WARNING: Use “yarn jar” to launch YARN applications.

16/07/11 05:45:22 WARN conf.HiveConf: HiveConf of name hive.server2.enable.impersonation does not exist

16/07/11 05:45:22 WARN conf.HiveConf: HiveConf of name hive.server2.http.port does not exist

Logging initialized using configuration in file:/etc/hive/2.3.4.0-3485/0/hive-log4j.properties

hive> create database testing;

OK

Time taken: 0.342 seconds

hive> use testing;

OK

Time taken: 0.411 seconds

hive> IMPORT TABLE cars_beeline from ‘/tmp/cars_beeline’;

Copying data from hdfs://HDPCLUSTERBHA/tmp/cars_beeline/data

Copying file: hdfs://HDPCLUSTERBHA/tmp/cars_beeline/data/cars.csv

Loading data to table testing.cars_beeline

OK

Time taken: 1.196 seconds

hive> show tables;

OK

cars_beeline

Time taken: 0.246 seconds, Fetched: 1 row(s)
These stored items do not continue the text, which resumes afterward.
(* Let $r,s,j$ be nonnegative integers with $j\le r$. Then $$X_+^{\,r+s-j}\,Y_+^{\,r-j}\,m_{1^j}(\mathbf{xy})\Big|_{\mathbf y=\mathbf x}=\sum_{j\le i\le r}\binom{i}{j}\binom{2(r-i)+s}{r-i}(r-j)!\,(r+s-j)!\;m_{2^i1^{2(r-i)+s}}(\mathbf x),$$ where $X_+=\sum_{i\ge1}(x_i-x_i^2\partial/\partial x_i)$, $Y_+=\sum_{i\ge1}(y_i-y_i^2\partial/\partial y_i)$ act on formal power series in $\mathbf x=(x_1,x_2,\dots)$, $\mathbf y=(y_1,y_2,\dots)$, and $m_{1^j}(\mathbf{xy})=\sum_{\beta\subset\mathbb N_{>0},|\beta|=j}\prod_{k\in\beta}x_ky_k$.
   Context: $m_\mu(\mathbf x)$ denotes the monomial symmetric function indexed by the partition $\mu$ (sum of all distinct monomials $x_{k_1}^{\mu_1}x_{k_2}^{\mu_2}\cdots$ with distinct indices); $2^i1^t$ is the partition with $i$ parts equal to $2$ and $t$ parts equal to $1$; $m_{1^0}=1$. *)

theory Defs
  imports Main "HOL-Library.Multiset"
begin

text \<open>Formal power series with integer coefficients in countably many variables
  x_0, x_1, ... are represented by their coefficient functions: an exponent vector
  (monomial) is a function nat => nat; only finitely supported exponent vectors
  are meaningful monomials.  A series in the two sets of variables x and y is a
  function of two exponent vectors (exponent of x, exponent of y).\<close>

type_synonym fps_inf = "(nat \<Rightarrow> nat) \<Rightarrow> int"
type_synonym fps_inf2 = "(nat \<Rightarrow> nat) \<Rightarrow> (nat \<Rightarrow> nat) \<Rightarrow> int"

definition supp :: "(nat \<Rightarrow> nat) \<Rightarrow> nat set" where
  "supp a = {k. a k \<noteq> 0}"

definition mulvar :: "nat \<Rightarrow> fps_inf \<Rightarrow> fps_inf" where
  "mulvar i f a = (if 1 \<le> a i then f (a(i := a i - 1)) else 0)"
lemma kernel_nonzero_if_det_eq_0:
  fixes M :: "'a::field ^ 'n ^ 'n"
  assumes "det M = 0"
  shows "\<exists>x. x \<noteq> 0 \<and> M *v x = 0"
proof -
  have "\<not> invertible M" using assms by (simp add: invertible_det_nz)
  then show ?thesis by (auto simp: invertible_left_inverse matrix_left_invertible_ker)
qed

lemma eigenvector_exists_2: "\<exists>v l. v \<noteq> 0 \<and> M *v v = l *s v" for M :: cmat
proof -
  define t where "t = M$1$1 + M$2$2"
  define r where "r = csqrt (t\<^sup>2 - 4 * det M)"
  define l where "l = (t + r) / 2"
  have "det (M - mat l) = l\<^sup>2 - t * l + det M"
    by (simp add: det_2 t_def mat_def power2_eq_square algebra_simps)
  also have "\<dots> = (r\<^sup>2 - (t\<^sup>2 - 4 * det M)) / 4"
    by (simp add: l_def power2_eq_square field_simps)
  also have "\<dots> = 0"
    by (simp add: r_def)
  finally obtain v where "v \<noteq> 0" "(M - mat l) *v v = 0"
    using kernel_nonzero_if_det_eq_0 by blast
  then show ?thesis
    by (auto simp: matrix_vector_mult_diff_rdistrib mat_mult_vector)
qed

lemma eigenvector_of_commuting:
  fixes M N :: cmat
  assumes "M *v v = l *s v" "v \<noteq> 0" "M \<noteq> mat l" "M ** N = N ** M"
  shows "\<exists>\<mu>. N *v v = \<mu> *s v"
proof -
  have "M *v (N *v v) = N *v (M *v v)"
    by (metis assms(4) matrix_vector_mul_assoc)
  then have "(M - mat l) *v v = 0" "(M - mat l) *v (N *v v) = 0"
    using assms(1) by (simp_all add: matrix_vector_mult_diff_rdistrib mat_mult_vector
        vector_scalar_commute)
  moreover have "M - mat l \<noteq> 0" using assms(3) by simp
  ultimately show ?thesis
    using kernel_collinear_2 assms(2) by blast
qed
hive> select * from cars_beeline limit 10;

OK

Name NULL NULL NULL NULL NULL NULL NULL O

“chevrolet chevelle malibu” 18 8 307 130 3504 12 1970-01-01 A

“buick skylark 320” 15 8 350 165 3693 12 1970-01-01 A

“plymouth satellite” 18 8 318 150 3436 11 1970-01-01 A

“amc rebel sst” 16 8 304 150 3433 12 1970-01-01 A

“ford torino” 17 8 302 140 3449 11 1970-01-01 A

Time taken: 0.866 seconds, Fetched: 6 row(s)

hive>

I hope it will help you to move table from one cluster to another cluster. Please fell free to give your suggestion to improve this article.